Exercises for After Cesaria

Exercises for After Cesaria

The exercises after the section serve to strengthen the abdomen and to combat the sagging of the belly. They can be started approximately 6 weeks after the birth of cesaria since the doctor has released the practice exercises and the healing is good.

Exercises for After Cesaria

Exercises after childbirth should be started slowly and gradually and there are some gyms that allow the classroom to be accompanied by baby.
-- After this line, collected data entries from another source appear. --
theory Submission
  imports Defs
begin

text \<open>On a vector lying in P(n)X or Q(n)X one side of the dichotomy inequality vanishes,
leaving decay at rate \<alpha> of the stable part forward in time and of the unstable part backward
in time. Weighted by exp (d t) with d < \<alpha>, both become geometric series of ratio
exp (d - \<alpha>) < 1, which yields the summed estimate. Conversely, the term j = m of the series
and the term k = n of the finite sum already give the dichotomy inequality, with the same
constants.\<close>

definition dichotomy_estimate ::
  "(nat \<Rightarrow> 'a::real_normed_vector \<Rightarrow>\<^sub>L 'a) \<Rightarrow> (nat \<Rightarrow> 'a \<Rightarrow>\<^sub>L 'a) \<Rightarrow> real \<Rightarrow> real \<Rightarrow> real \<Rightarrow> bool"
  where "dichotomy_estimate A P N \<alpha> \<beta> \<longleftrightarrow>
    (\<forall>m n x. 1 \<le> n \<and> n \<le> m \<longrightarrow>
       exp (\<alpha> * (real m - real n)) * (norm (cocycleP A P m n x) + norm (compl_fam P n x))
       \<le> N * (exp (\<beta> * real n) * norm (P n x) + exp (\<beta> * real m) * norm (cocycleP A (compl_fam P) m n x)))"

definition summed_dichotomy_estimate ::
  "(nat \<Rightarrow> 'a::real_normed_vector \<Rightarrow>\<^sub>L 'a) \<Rightarrow> (nat \<Rightarrow> 'a \<Rightarrow>\<^sub>L 'a) \<Rightarrow> real \<Rightarrow> real \<Rightarrow> real \<Rightarrow> bool"
  where "summed_dichotomy_estimate A P D d c \<longleftrightarrow>
    (\<forall>m n p x. 1 \<le> p \<and> p \<le> n \<and> n \<le> m \<longrightarrow>
       summable (\<lambda>i. exp (d * real i) * norm (cocycleP A P (n + i) p x)) \<and>
       (\<Sum>i. exp (d * real i) * norm (cocycleP A P (n + i) p x))
       + (\<Sum>k=n..m. exp (d * (real m - real k)) * norm (cocycleP A (compl_fam P) k n x))
       \<le> D * (exp (c * real n) * norm (cocycleP A P n p x)
              + exp (c * real m) * norm (cocycleP A (compl_fam P) m n x)))"

lemma dichotomy_estimateD:
  assumes "dichotomy_estimate A P N \<alpha> \<beta>" "1 \<le> n" "n \<le> m"
  shows "exp (\<alpha> * (real m - real n)) * (norm (cocycleP A P m n x) + norm (compl_fam P n x))
    \<le> N * (exp (\<beta> * real n) * norm (P n x) + exp (\<beta> * real m) * norm (cocycleP A (compl_fam P) m n x))"
  using assms unfolding dichotomy_estimate_def by blast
Step-by-step exercises to do at home after the cesarean section

After the permission the doctor to start the physical activity, check out here some exercises postpartum cesária that you can do at home:

Exercise 1

Watch the video to learn how to do:

Exercise 2

Lying belly up with the legs and arms straight, bend the knees and lift the hips from the floor, keeping your hands on the ground, for 15 seconds.

Exercise 3

Lying on side with legs straight and without pillow, to raise the higher they get one of the legs, without bending the knee for 5 seconds, lowering slowly. Do the exercise for the other leg.

Exercise 4

Lying belly up with legs and arms outstretched and without a pillow, to raise the higher they get the two legs together, without bending the knees for 5 seconds, lowering slowly.

Exercise 5

Lying belly up, without a pillow, with legs bent and arms straight, raise the trunk as high as you can, looking up, for 5 seconds, lowering slowly.

Exercise 6

Supported with the elbows and the knees on the floor and your back straight, contract the belly, during 10 seconds. This time should be increased each week until you reach 1 minute. For example, in the first week to 5 seconds, in the second week, 10 seconds, in the third week, 20 seconds and so on.
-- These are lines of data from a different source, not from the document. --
(* Consider an $n$-th order strictly proper SISO system with transfer function \[ P(s)=\frac{y(s)}{u(s)}=\frac{b_1s^{n-1}+\dots+b_{n-1}s+b_n}{s^n+a_1s^{n-1}+\dots+a_{n-1}s+a_n}, \] with unknown coefficients $a_i\in[\underline a_i,\bar a_i]$ and $b_j\in[\underline b_j,\bar b_j]$ for $i,j=1,\dots,n$. Let $c_0=[1,0,\dots,0]$ and let $A_0\in\mathbb{R}^{n\times n}$ be a strictly stable matrix in observable canonical form with characteristic polynomial $s^n+\hat a_1s^{n-1}+\dots+\hat a_n$ (ones on the superdiagonal, first column $-[\hat a_1,\dots,\hat a_n]^T$, zeros elsewhere). Realize the system as $\dot x=A_0x+b_yy+b_uu$, $y=c_0x$, with $b_y=[\hat a_1-a_1,\dots,\hat a_n-a_n]^T$ and $b_u=[b_1,\dots,b_n]^T$. Let $\theta_y,\theta_u$ satisfy $\dot\theta_y=A_0^T\theta_y+c_0^Ty$, $\dot\theta_u=A_0^T\theta_u+c_0^Tu$; let $C_0$ be the observability matrix of $(c_0,A_0)$, $\Theta_y,\Theta_u$ the controllability matrices $[\theta,A_0^T\theta,\dots,(A_0^T)^{n-1}\theta]$ for $\theta=\theta_y,\theta_u$, and $E_y=C_0^{-1}\Theta_y^T$, $E_u=C_0^{-1}\Theta_u^T$. Define $\hat x(b_y,b_u)=E_yb_y+E_ub_u$, and let $\hat x(b_{yi},b_{ui})$, $i=1,\dots,N$, be all the vertices of the convex hull of the points $E_y[\hat a_1-a_1,\dots,\hat a_n-a_n]^T+E_u[b_1,\dots,b_n]^T$ with $a_i\in\{\underline a_i,\bar a_i\}$, $b_j\in\{\underline b_j,\bar b_j\}$. Let $\epsilon_0=x(0)-\hat x(0)$, with $\hat x$ evaluated at the true coefficients. Let $Q_1,\dots,Q_{n_q}\succ0$, define \[ V_c(x)=\min_{\gamma}\,x^T\Big(\sum_{j=1}^{n_q}\gamma_jQ_j\Big)^{-1}x\quad\text{over }\gamma_j\ge0,\ \textstyle\sum_j\gamma_j=1, \] and $\|x\|_c=V_c(x)^{1/2}$. If for all $j=1,\dots,n_q$ \[ A_0Q_j+Q_jA_0^T+2\alpha Q_j\preceq0, \] then for every $t\ge0$ there exists $i\in\{1,\dots,N\}$ such that \[ \|x(t)\|_c\le\|\hat x(b_{yi},b_{ui})(t)\|_c+e^{-\alpha t}\|\epsilon_0\|_c. \]
   Context: The unit level set of $V_c$ is the convex hull of the ellipsoids $\{x: x^TQ_j^{-1}x\le1\}$, so $\|\cdot\|_c$ is a norm on $\mathbb{R}^n$. $\hat x(b_{yi},b_{ui})(t)$ denotes $E_y(t)b_{yi}+E_u(t)b_{ui}$. *)

theory Defs
  imports "HOL-Analysis.Analysis"
begin

text \<open>Coordinates of R^n are the finite type 'n, enumerated by a bijection
  idx :: nat => 'n from {..<CARD('n)}; coordinate idx k is the paper's index k+1.\<close>

definition pos :: "(nat \<Rightarrow> 'n::finite) \<Rightarrow> 'n \<Rightarrow> nat" where
  "pos idx p = inv_into {..<CARD('n)} idx p"

definition obs_canon :: "(nat \<Rightarrow> 'n::finite) \<Rightarrow> real^'n \<Rightarrow> real^'n^'n" where
  "obs_canon idx ahat = (\<chi> p q. if q = idx 0 then - (ahat $ p)
       else if pos idx q = pos idx p + 1 then 1 else 0)"

fun mpow :: "real^'n^'n \<Rightarrow> nat \<Rightarrow> real^'n^'n" where
  "mpow A 0 = mat 1"
| "mpow A (Suc k) = A ** mpow A k"

definition obs_matrix :: "(nat \<Rightarrow> 'n::finite) \<Rightarrow> real^'n \<Rightarrow> real^'n^'n \<Rightarrow> real^'n^'n" where
  "obs_matrix idx c A = (\<chi> p. c v* mpow A (pos idx p))"

text \<open>Transpose of the controllability matrix [th, A0^T th, ..., (A0^T)^(n-1) th]:
  row k is (A0^T)^k th.\<close>
definition ctrb_T :: "(nat \<Rightarrow> 'n::finite) \<Rightarrow> real^'n^'n \<Rightarrow> real^'n \<Rightarrow> real^'n^'n" where
  "ctrb_T idx A th = (\<chi> p. mpow (transpose A) (pos idx p) *v th)"

definition pos_def_mat :: "real^'n^'n \<Rightarrow> bool" where
  "pos_def_mat Q \<longleftrightarrow> transpose Q = Q \<and> (\<forall>v. v \<noteq> 0 \<longrightarrow> v \<bullet> (Q *v v) > 0)"

definition neg_semidef_mat :: "real^'n^'n \<Rightarrow> bool" where
  "neg_semidef_mat M \<longleftrightarrow> (\<forall>v. v \<bullet> (M *v v) \<le> 0)"

definition Vc :: "nat \<Rightarrow> (nat \<Rightarrow> real^'n^'n) \<Rightarrow> real^'n \<Rightarrow> real" where
  "Vc nq Q x = Inf {x \<bullet> (matrix_inv (\<Sum>j<nq. \<gamma> j *\<^sub>R Q j) *v x) | \<gamma>.
       (\<forall>j<nq. 0 \<le> \<gamma> j) \<and> (\<Sum>j<nq. \<gamma> j) = 1}"

definition cnorm :: "nat \<Rightarrow> (nat \<Rightarrow> real^'n^'n) \<Rightarrow> real^'n \<Rightarrow> real" where
  "cnorm nq Q x = sqrt (Vc nq Q x)"

end

theory Submission
  imports Defs
begin

text \<open>The error \<open>e = x - x_hat\<close> of the estimate at the true coefficients satisfies
  \<open>e' = A0 e\<close>: the filters \<open>\<theta>\<^sub>y, \<theta>\<^sub>u\<close> regenerate the terms \<open>b\<^sub>y y\<close> and \<open>b\<^sub>u u\<close>, because
  \<open>C0\<^sup>-\<^sup>1 \<Theta>\<^sup>T\<close> turns \<open>A0\<^sup>T\<close> acting on \<open>\<theta>\<close> into \<open>A0\<close> acting on the estimate (Cayley--Hamilton
  for the companion form). The LMI survives convex combinations of the \<open>Q\<^sub>j\<close>, so every
  \<open>e\<^sup>T (\<Sum>\<gamma>\<^sub>j Q\<^sub>j)\<^sup>-\<^sup>1 e\<close> decays like \<open>exp(-2\<alpha>t)\<close>, whence \<open>\<parallel>e(t)\<parallel>\<^sub>c \<le> exp(-\<alpha>t) \<parallel>e(0)\<parallel>\<^sub>c\<close>.
  The estimate at time \<open>t\<close> is an affine image of a point of the parameter box, hence lies in the
  convex hull of the vertex estimates, where the convex function \<open>\<parallel>\<cdot>\<parallel>\<^sub>c\<close> is maximal at an
  extreme point; the triangle inequality for \<open>\<parallel>\<cdot>\<parallel>\<^sub>c\<close> combines the two bounds.\<close>

lemma matrix_inv_invertible:
  fixes A :: "real^'n^'n"
  assumes "invertible A"
  shows "A ** matrix_inv A = mat 1" "matrix_inv A ** A = mat 1"
proof -
  have "\<exists>A'. A ** A' = mat 1 \<and> A' ** A = mat 1" using assms unfolding invertible_def by blast
  then have "A ** matrix_inv A = mat 1 \<and> matrix_inv A ** A = mat 1"
    unfolding matrix_inv_def by (rule someI_ex)
  then show "A ** matrix_inv A = mat 1" "matrix_inv A ** A = mat 1" by simp_all
qed

lemma invertible_if_trivial_kernel:
  fixes A :: "real^'n^'n"
  assumes "\<And>x. A *v x = 0 \<Longrightarrow> x = 0"
  shows "invertible A"
  using assms matrix_left_invertible_ker invertible_left_inverse by blast

lemma symmetric_matrix_inner_commute:
  fixes P :: "real^'n^'n"
  assumes "transpose P = P"
  shows "(P *v a) \<bullet> b = a \<bullet> (P *v b)"
  by (metis assms dot_lmul_matrix transpose_matrix_vector)

lemma pos_def_mat_symmetric: "pos_def_mat P \<Longrightarrow> transpose P = P"
  unfolding pos_def_mat_def by blast

lemma pos_def_mat_nonneg: "pos_def_mat P \<Longrightarrow> 0 \<le> v \<bullet> (P *v v)"
  unfolding pos_def_mat_def by (cases "v = 0") (auto intro: less_imp_le)

lemma pos_def_mat_invertible:
  assumes "pos_def_mat P"
  shows "invertible P"
proof (rule invertible_if_trivial_kernel)
  fix x assume "P *v x = 0"
  then have "x \<bullet> (P *v x) = 0" by simp
  then show "x = 0" using assms unfolding pos_def_mat_def by force
qed

lemma pos_def_mat_inverse_cancel:
  assumes "pos_def_mat P"
  shows "P *v (matrix_inv P *v v) = v" "matrix_inv P *v (P *v v) = v"
  using matrix_inv_invertible[OF pos_def_mat_invertible[OF assms]]
  by (simp_all add: matrix_vector_mul_assoc)

lemma pos_def_mat_inverse_inner_commute:
  assumes "pos_def_mat P"
  shows "x \<bullet> (matrix_inv P *v w) = (matrix_inv P *v x) \<bullet> w"
proof -
  have "x \<bullet> (matrix_inv P *v w) = (P *v (matrix_inv P *v x)) \<bullet> (matrix_inv P *v w)"
    using pos_def_mat_inverse_cancel(1)[OF assms] by simp
  also have "\<dots> = (matrix_inv P *v x) \<bullet> (P *v (matrix_inv P *v w))"
    by (rule symmetric_matrix_inner_commute[OF pos_def_mat_symmetric[OF assms]])
  finally show ?thesis using pos_def_mat_inverse_cancel(1)[OF assms] by simp
qed

lemma pos_def_mat_inverse_nonneg:
  assumes "pos_def_mat P"
  shows "0 \<le> x \<bullet> (matrix_inv P *v x)"
proof -
  have "x \<bullet> (matrix_inv P *v x) = (matrix_inv P *v x) \<bullet> (P *v (matrix_inv P *v x))"
    using pos_def_mat_inverse_cancel(1)[OF assms] by (simp add: inner_commute)
  then show ?thesis using pos_def_mat_nonneg[OF assms] by simp
qed

lemma inner_le_inverse_quadratic:
  fixes P :: "real^'n^'n"
  assumes P: "pos_def_mat P" and "l > 0"
  shows "2 * (z \<bullet> x) - l * (z \<bullet> (P *v z)) \<le> (x \<bullet> (matrix_inv P *v x)) / l"
proof -
  let ?w = "matrix_inv P *v x"
  have Pw: "P *v ?w = x" by (rule pos_def_mat_inverse_cancel(1)[OF P])
  have wPz: "?w \<bullet> (P *v z) = z \<bullet> x"
    using symmetric_matrix_inner_commute[OF pos_def_mat_symmetric[OF P], of ?w z] Pw
    by (simp add: inner_commute)
  have "P *v (l *\<^sub>R z - ?w) = l *\<^sub>R (P *v z) - x"
    using Pw by (simp add: matrix_vector_mult_diff_distrib matrix_vector_mult_scaleR)
  then have "(l *\<^sub>R z - ?w) \<bullet> (P *v (l *\<^sub>R z - ?w))
      = l * l * (z \<bullet> (P *v z)) - l * (z \<bullet> x) - l * (?w \<bullet> (P *v z)) + ?w \<bullet> x"
    by (simp add: inner_diff_left inner_diff_right algebra_simps)
  also have "\<dots> = l * l * (z \<bullet> (P *v z)) - 2 * l * (z \<bullet> x) + x \<bullet> ?w"
    by (simp add: wPz inner_commute[of ?w x])
  finally have "0 \<le> l * l * (z \<bullet> (P *v z)) - 2 * l * (z \<bullet> x) + x \<bullet> ?w"
    using pos_def_mat_nonneg[OF P, of "l *\<^sub>R z - ?w"] by simp
  then have "l * (2 * (z \<bullet> x) - l * (z \<bullet> (P *v z))) \<le> x \<bullet> ?w" by (simp add: algebra_simps)
  then show ?thesis using assms(2) by (simp add: field_simps mult.commute)
qed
You can do 3 sets of 20 repetitions for each exercise about 2 to 3 times per week. However, it is important not to do exercises which are too heavy to stay more than 1 hour in the gym and spend no more than 400 calories because it can decrease milk production.

These exercises post childbirth can be accompanied walks, stretching exercises of the arms and legs, running, bodybuilding, Pilates, yoga or gymnastics located because they promote caloric expenditure, improve blood circulation and help with weight loss.

The exercises in the water such as swimming and water aerobics should only be started after the release of the obstetrician, by the age of 30 to 45 days after delivery, because that is when the cervix is already properly closed, avoiding the risk of infections.